In any case, it's 100% not a Flink issue.

On Tue, Jul 7, 2020 at 10:10 AM Xintong Song <tonysong...@gmail.com> wrote:

> Thanks for the updates, Ori.
>
> I'm not familiar with Scala. Just curious, if what you suspect is true, is
> it a bug of Scala?
>
> Thank you~
>
> Xintong Song
>
>
>
> On Tue, Jul 7, 2020 at 1:41 PM Ori Popowski <ori....@gmail.com> wrote:
>
>> Hi,
>>
>> I just wanted to update that the problem is now solved!
>>
>> I suspect that Scala's flatten() method has a memory problem on very
>> large lists (> 2 billion elements). When using Scala Lists, the memory
>> seems to leak but the app keeps running, and when using Scala Vectors, a
>> weird IllegalArgumentException is thrown [1].
>>
>> I implemented my own flatten() method using Arrays and quickly ran into
>> NegativeArraySizeException since the integer representing the array size
>> wrapped around at Integer.MaxValue and became negative. After I started
>> catching this exception all my cluster problems just resolved. Checkpoints,
>> the heartbeat timeout, and also the memory and CPU utilization.
>>
>> I still need to confirm my suspicion towards Scala's flatten() though,
>> since I haven't "lab-tested" it.
>>
>> [1] https://github.com/NetLogo/NetLogo/issues/1830
>>
>> On Sun, Jul 5, 2020 at 2:21 PM Ori Popowski <ori....@gmail.com> wrote:
>>
>>> Hi,
>>>
>>> I initially thought this, so this is why my heap is almost 30GiB.

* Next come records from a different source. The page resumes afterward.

(* Let $\mathcal{X}$ be a finite set of $n$ items and consider the (full-rank) context dependent random utility model (CDM) on $\mathcal{X}$ with parameter vector $u=(u_{xz})_{x\neq z}\in\mathbb{R}^{n(n-1)}$. Let $\mathcal{C}_{\mathcal{D}}$ be the collection of distinct choice sets appearing in a dataset $\mathcal{D}$. Suppose there are two distinct sizes $k\neq k'$ with $2\le k,k'\le n$, at least one of which is not in $\{2,n\}$, such that $\mathcal{C}_{\mathcal{D}}$ contains every subset of $\mathcal{X}$ of size $k$ and every subset of $\mathcal{X}$ of size $k'$. Then the CDM is identifiable from $\mathcal{D}$: if $u,u'\in\mathbb{R}^{n(n-1)}$ satisfy $P_u(x\mid C)=P_{u'}(x\mid C)$ for all $C\in\mathcal{C}_{\mathcal{D}}$ and all $x\in C$, then $u'-u=\alpha\mathbf{1}$ for some $\alpha\in\mathbb{R}$.
   Context: A CDM on a finite universe $\mathcal{X}$ of $n$ items has one real parameter $u_{xz}$ for each ordered pair of distinct items $x\neq z$; collect them into $u\in\mathbb{R}^{n(n-1)}$. For a choice set $C\subseteq\mathcal{X}$ with $|C|\ge 2$ and $x\in C$, the probability of choosing $x$ from $C$ is $P_u(x\mid C)=\dfrac{\exp\big(\sum_{z\in C\setminus\{x\}}u_{xz}\big)}{\sum_{y\in C}\exp\big(\sum_{z\in C\setminus\{y\}}u_{yz}\big)}$. Adding the same constant to every $u_{xz}$ does not change any choice probability, so identifiability is understood up to such a shift. A dataset $\mathcal{D}$ is a finite list of pairs $(x_j,C_j)$ with $x_j\in C_j\subseteq\mathcal{X}$, $|C_j|\ge 2$ (item $x_j$ chosen from set $C_j$); $\mathcal{C}_{\mathcal{D}}$ denotes the collection of distinct sets $C_j$ occurring in $\mathcal{D}$. $\mathbf{1}$ is the all-ones vector. *)

theory Defs
  imports Complex_Main
begin

text \<open>CDM parameters: u x z is u_{xz}; only values for distinct x, z in the universe matter.\<close>

definition cdm_prob :: "('a \<Rightarrow> 'a \<Rightarrow> real) \<Rightarrow> 'a \<Rightarrow> 'a set \<Rightarrow> real" where
  "cdm_prob u x C =
     exp (\<Sum>z\<in>C - {x}. u x z) / (\<Sum>y\<in>C. exp (\<Sum>z\<in>C - {y}. u y z))"

definition valid_dataset :: "'a set \<Rightarrow> ('a \<times> 'a set) list \<Rightarrow> bool" where
  "valid_dataset X D \<longleftrightarrow> (\<forall>(x, C)\<in>set D. x \<in> C \<and> C \<subseteq> X \<and> card C \<ge> 2)"

definition choice_sets :: "('a \<times> 'a set) list \<Rightarrow> 'a set set" where
  "choice_sets D = snd ` set D"

end

theory Submission
  imports Defs
begin

text \<open>Equal choice probabilities on C make the exponents of u' and u differ on C by a constant,
  so w = u' - u has equal row sums on every offered set. If this holds for all sets of a size k
  with 2 < k < n, comparing two k-sets that differ in one element shows that w x t - w y t does
  not depend on t. Counting a set of size m containing x and y then gives
  w x y - w y x + (m - 2) (w x t - w y t) = 0; as this holds for the two sizes k and k', both
  terms vanish, so w is symmetric with constant columns, hence constant.\<close>

definition row_sum :: "('a \<Rightarrow> 'a \<Rightarrow> real) \<Rightarrow> 'a set \<Rightarrow> 'a \<Rightarrow> real" where
  "row_sum w C x = (\<Sum>z\<in>C - {x}. w x z)"

definition equal_row_sums :: "('a \<Rightarrow> 'a \<Rightarrow> real) \<Rightarrow> 'a set \<Rightarrow> nat \<Rightarrow> bool" where
  "equal_row_sums w X k \<longleftrightarrow>
     (\<forall>C. C \<subseteq> X \<and> card C = k \<longrightarrow> (\<forall>x\<in>C. \<forall>y\<in>C. row_sum w C x = row_sum w C y))"

lemma cdm_prob_ratio:
  assumes "finite C" and "y \<in> C"
  shows "cdm_prob u x C / cdm_prob u y C = exp (row_sum u C x - row_sum u C y)"
proof -
  have "(\<Sum>t\<in>C. exp (row_sum u C t)) > 0"
    using assms by (intro sum_pos) auto
  then show ?thesis
    by (simp add: cdm_prob_def row_sum_def exp_diff)
qed

lemma cdm_prob_eq_imp_row_sum_diff_eq:
  assumes "finite C" and "x \<in> C" and "y \<in> C"
    and "cdm_prob u x C = cdm_prob u' x C" and "cdm_prob u y C = cdm_prob u' y C"
  shows "row_sum (\<lambda>a b. u' a b - u a b) C x = row_sum (\<lambda>a b. u' a b - u a b) C y"
proof -
  have "exp (row_sum u C x - row_sum u C y) = exp (row_sum u' C x - row_sum u' C y)"
    using cdm_prob_ratio[OF assms(1,3), of u x] cdm_prob_ratio[OF assms(1,3), of u' x] assms(4,5)
    by simp
  then have "row_sum u C x - row_sum u C y = row_sum u' C x - row_sum u' C y"
    by simp
  then show ?thesis
    by (simp add: row_sum_def sum_subtractf)
qed

lemma equal_row_sums_column_difference:
  assumes "finite X" and "equal_row_sums w X k" and "3 \<le> k" and "k < card X"
    and "x \<in> X" "a \<in> X" "z \<in> X" "z' \<in> X"
    and "x \<noteq> a" "z \<noteq> z'" "x \<noteq> z" "x \<noteq> z'" "a \<noteq> z" "a \<noteq> z'"
  shows "w x z - w x z' = w a z - w a z'"
proof -
  have "card (X - {x, a, z, z'}) = card X - 4"
    using assms by (subst card_Diff_subset) auto
  then have "k - 3 \<le> card (X - {x, a, z, z'})"
    using assms(3,4) by simp
  then obtain A where A: "A \<subseteq> X - {x, a, z, z'}" "card A = k - 3"
    using obtain_subset_with_card_n by metis
  have finA: "finite A"
    using A(1) assms(1) finite_subset by blast
  have notin: "x \<notin> A" "a \<notin> A" "z \<notin> A" "z' \<notin> A"
    using A(1) by auto
  have expand: "w x a + w x t + (\<Sum>s\<in>A. w x s) = w a x + w a t + (\<Sum>s\<in>A. w a s)"
    if t: "t \<in> X" "t \<notin> A" "t \<noteq> x" "t \<noteq> a" for t
  proof -
    let ?C = "insert x (insert a (insert t A))"
    have "card ?C = k"
      using t finA notin A(2) assms(3,9) by auto
    moreover have "?C \<subseteq> X"
      using t A(1) assms(5,6) by auto
    ultimately have "row_sum w ?C x = row_sum w ?C a"
      using assms(2) unfolding equal_row_sums_def by blast
    moreover have "?C - {x} = insert a (insert t A)" "?C - {a} = insert x (insert t A)"
      using t notin assms(9) by auto
    ultimately show ?thesis
      using t finA notin assms(9) by (simp add: row_sum_def)
  qed
  show ?thesis
    using expand[of z] expand[of z'] notin assms(7-14) by simp
qed

lemma equal_row_sums_pair_identity:
  assumes "finite X" and "equal_row_sums w X m" and "2 \<le> m" and "m \<le> card X"
    and "x \<in> X" "y \<in> X" "x \<noteq> y"
    and c: "\<And>t. t \<in> X - {x, y} \<Longrightarrow> w x t - w y t = c"
  shows "w x y - w y x + real (m - 2) * c = 0"
proof -
  have "card (X - {x, y}) = card X - 2"
    using assms by (subst card_Diff_subset) auto
  then have "m - 2 \<le> card (X - {x, y})"
    using assms(4) by simp
  then obtain B where B: "B \<subseteq> X - {x, y}" "card B = m - 2"
    using obtain_subset_with_card_n by metis
  have finB: "finite B"
    using B(1) assms(1) finite_subset by blast
  have notin: "x \<notin> B" "y \<notin> B"
    using B(1) by auto
  then have "card (insert x (insert y B)) = m" "insert x (insert y B) \<subseteq> X"
    using B finB assms(3,5-7) by auto
  then have "row_sum w (insert x (insert y B)) x = row_sum w (insert x (insert y B)) y"
    using assms(2) unfolding equal_row_sums_def by blast
  moreover have "insert x (insert y B) - {x} = insert y B" "insert x (insert y B) - {y} = insert x B"
    using B(1) assms(7) by auto
  ultimately have "w x y + (\<Sum>t\<in>B. w x t) = w y x + (\<Sum>t\<in>B. w y t)"
    using finB notin assms(7) by (simp add: row_sum_def)
  moreover have "(\<Sum>t\<in>B. w x t) - (\<Sum>t\<in>B. w y t) = (\<Sum>t\<in>B. c)"
    unfolding sum_subtractf[symmetric] using B(1) c by (intro sum.cong) auto
  moreover have "(\<Sum>t\<in>B. c) = real (m - 2) * c"
    using B(2) by simp
  ultimately show ?thesis
    by linarith
qed

lemma constant_if_symmetric_with_constant_columns:
  assumes col: "\<And>x y z. x \<in> X \<Longrightarrow> y \<in> X \<Longrightarrow> z \<in> X \<Longrightarrow> x \<noteq> z \<Longrightarrow> y \<noteq> z \<Longrightarrow> w x z = w y z"
    and sym: "\<And>x y. x \<in> X \<Longrightarrow> y \<in> X \<Longrightarrow> x \<noteq> y \<Longrightarrow> w x y = w y x"
  shows "\<exists>\<alpha>. \<forall>x\<in>X. \<forall>z\<in>X. x \<noteq> z \<longrightarrow> w x z = \<alpha>"
proof (cases "\<exists>p\<in>X. \<exists>q\<in>X. p \<noteq> q")
  case True
  then obtain p q where pq: "p \<in> X" "q \<in> X" "p \<noteq> q"
    by blast
  have "w x z = w p q" if "x \<in> X" "z \<in> X" "x \<noteq> z" for x z
  proof (cases "z = q")
    case True
    then show ?thesis
      using col[of x p q] that pq by auto
  next
    case False
    have "w x z = w q z"
      using col[of x q z] that pq False by auto
    also have "\<dots> = w z q"
      using sym[of q z] that pq False by auto
    also have "\<dots> = w p q"
      using col[of z p q] that pq False by auto
    finally show ?thesis .
  qed
  then show ?thesis
    by blast
qed auto

lemma equal_row_sums_two_sizes_imp_constant:
  assumes "finite X" and "equal_row_sums w X k" and "3 \<le> k" and "k < card X"
    and "equal_row_sums w X m" and "2 \<le> m" and "m \<le> card X" and "m \<noteq> k"
  shows "\<exists>\<alpha>. \<forall>x\<in>X. \<forall>z\<in>X. x \<noteq> z \<longrightarrow> w x z = \<alpha>"
proof -
  have symmetric_and_column:
    "w x y = w y x \<and> w x t = w y t"
    if "x \<in> X" "y \<in> X" "t \<in> X" "x \<noteq> y" "t \<noteq> x" "t \<noteq> y" for x y t
  proof -
    define c where "c = w x t - w y t"
    have c: "w x s - w y s = c" if "s \<in> X - {x, y}" for s
    proof (cases "s = t")
      case False
      have "w x s - w x t = w y s - w y t"
        using that False \<open>x \<in> X\<close> \<open>y \<in> X\<close> \<open>t \<in> X\<close> \<open>x \<noteq> y\<close> \<open>t \<noteq> x\<close> \<open>t \<noteq> y\<close>
        by (intro equal_row_sums_column_difference[OF assms(1-4)]) auto
      then show ?thesis
        by (simp add: c_def)
    qed (simp add: c_def)
    have "w x y - w y x + real (m - 2) * c = 0"
      by (rule equal_row_sums_pair_identity[OF assms(1,5-7) that(1,2,4) c])
    moreover have "w x y - w y x + real (k - 2) * c = 0"
      using assms(3,4) by (intro equal_row_sums_pair_identity[OF assms(1,2) _ _ that(1,2,4) c]) auto
    moreover have "real (m - 2) \<noteq> real (k - 2)"
      using assms(3,6,8) by simp
    ultimately have "c = 0"
      by (metis add_left_cancel mult_cancel_right)
    with \<open>w x y - w y x + real (m - 2) * c = 0\<close> show ?thesis
      by (simp add: c_def)
  qed
  have third: "\<exists>t\<in>X. t \<noteq> x \<and> t \<noteq> y" for x y
  proof -
    have "card {x, y} \<le> 2"
      by (cases "x = y") auto
    then have "card (X - {x, y}) \<noteq> 0"
      using assms(3,4) diff_card_le_card_Diff[of "{x, y}" X] by simp
    then have "X - {x, y} \<noteq> {}"
      by force
    then show ?thesis
      by auto
  qed
  show ?thesis
  proof (rule constant_if_symmetric_with_constant_columns)
    show "w x z = w y z" if "x \<in> X" "y \<in> X" "z \<in> X" "x \<noteq> z" "y \<noteq> z" for x y z
      using symmetric_and_column[of x y z] that by (cases "x = y") auto
    show "w x y = w y x" if "x \<in> X" "y \<in> X" "x \<noteq> y" for x y
      using symmetric_and_column[of x y] third[of x y] that by blast
  qed
qed

theorem theorem1:
  fixes X :: "'a set" and D :: "('a \<times> 'a set) list"
    and u u' :: "'a \<Rightarrow> 'a \<Rightarrow> real" and k k' :: nat
  assumes "finite X"
    and "valid_dataset X D"
    and "k \<noteq> k'" and "2 \<le> k" and "k \<le> card X" and "2 \<le> k'" and "k' \<le> card X"
    and "k \<notin> {2, card X} \<or> k' \<notin> {2, card X}"
    and "\<forall>C. C \<subseteq> X \<and> card C = k \<longrightarrow> C \<in> choice_sets D"
    and "\<forall>C. C \<subseteq> X \<and> card C = k' \<longrightarrow> C \<in> choice_sets D"
    and "\<forall>C\<in>choice_sets D. \<forall>x\<in>C. cdm_prob u x C = cdm_prob u' x C"
  shows "\<exists>\<alpha>::real. \<forall>x\<in>X. \<forall>z\<in>X. x \<noteq> z \<longrightarrow> u' x z - u x z = \<alpha>"
proof -
  define w where "w = (\<lambda>x z. u' x z - u x z)"
  have balanced: "equal_row_sums w X m"
    if "\<forall>C. C \<subseteq> X \<and> card C = m \<longrightarrow> C \<in> choice_sets D" for m
    unfolding equal_row_sums_def w_def
  proof (intro allI impI ballI)
    fix C x y
    assume C: "C \<subseteq> X \<and> card C = m" and "x \<in> C" "y \<in> C"
    then have "finite C" "C \<in> choice_sets D"
      using that assms(1) finite_subset by auto
    then show "row_sum (\<lambda>a b. u' a b - u a b) C x = row_sum (\<lambda>a b. u' a b - u a b) C y"
      using \<open>x \<in> C\<close> \<open>y \<in> C\<close> assms(11) by (intro cdm_prob_eq_imp_row_sum_diff_eq) auto
  qed
  from assms(8) have "\<exists>\<alpha>. \<forall>x\<in>X. \<forall>z\<in>X. x \<noteq> z \<longrightarrow> w x z = \<alpha>"
  proof
    assume "k \<notin> {2, card X}"
    then show ?thesis
      using assms(3-7)
      by (intro equal_row_sums_two_sizes_imp_constant[OF assms(1) balanced[OF assms(9)] _ _
            balanced[OF assms(10)]]) auto
  next
    assume "k' \<notin> {2, card X}"
    then show ?thesis
      using assms(3-7)
      by (intro equal_row_sums_two_sizes_imp_constant[OF assms(1) balanced[OF assms(10)] _ _
            balanced[OF assms(9)]]) auto
  qed
  then show ?thesis
    by (simp add: w_def)
qed

end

>>> However, I started to analyze the Java Flight Recorder files, and I
>>> suspect there's a memory leak in Scala's flatten() method.
>>> I changed the line that uses flatten(), and instead of flatten() I'm
>>> just creating a ByteArray the size flatten() would have returned, and I
>>> no longer have the heartbeat problem.
>>>
>>> So now my code is
>>>     val recordingData = recordingBytes.flatten
>>>
>>> instead of
>>>     val recordingData =
>>> Array.fill[Byte](recordingBytes.map(_.length).sum)(0)
>>>
>>> I attach a screenshot of Java Mission Control
>>>
>>>
>>>
>>> On Fri, Jul 3, 2020 at 7:24 AM Xintong Song <tonysong...@gmail.com>
>>> wrote:
>>>
>>>> I agree with Roman's suggestion for increasing heap size.
>>>>
>>>> It seems that the heap grows faster than freed. Thus eventually the
>>>> Full GC is triggered, taking more than 50s and causing the timeout.

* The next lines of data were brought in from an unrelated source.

theorem mainTheorem7:
  fixes V :: "'a set" and E :: "'a \<Rightarrow> 'a \<Rightarrow> bool" and u v x :: 'a and k :: nat
  assumes "graph V E" and "u \<in> V" and "v \<in> V"
    and "dist E u v \<ge> 3"
    and "k \<ge> 1"
    and "x \<in> Aset V E u v k"
    and "nbhd V E {x} \<inter> Nk V E u v k = {}"
  shows "witness E u v x"
proof -
  obtain i where k: "k = Suc i"
    using assms(5) by (cases k) auto
  have sym: "dist E a b = dist E b a" for a b
    using dist_commute[of E, OF graph_sym[OF assms(1)]] by blast
  have "dist E u x = enat k \<or> dist E v x = enat k"
    using assms(6) Aset_subset_Nk k by (fastforce simp: Nk_def min_def split: if_splits)
  then show ?thesis
  proof
    assume "dist E u x = enat k"
    then show ?thesis
      using isolated_Aset_far_from_v[OF assms(1,4)] assms(6,7) k
      unfolding witness_def sym[of x u] sym[of x v] by blast
  next
    assume "dist E v x = enat k"
    moreover have "3 \<le> dist E v u"
      using assms(4) sym[of v u] by simp
    ultimately show ?thesis
      using isolated_Aset_far_from_v[of V E v u] assms(1,6,7) k
      unfolding witness_def sym[of x u] sym[of x v] by (simp add: Aset_commute Nk_commute)
  qed
qed

end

>>>> However, even the full GC frees only 2GB space out of the 28GB max size.
>>>> That probably suggests that the max heap size is not sufficient.
>>>>
>>>>> 2020-07-01T10:15:12.869+0000: [Full GC (Allocation Failure)
>>>>>  28944M->26018M(28960M), 51.5256128 secs]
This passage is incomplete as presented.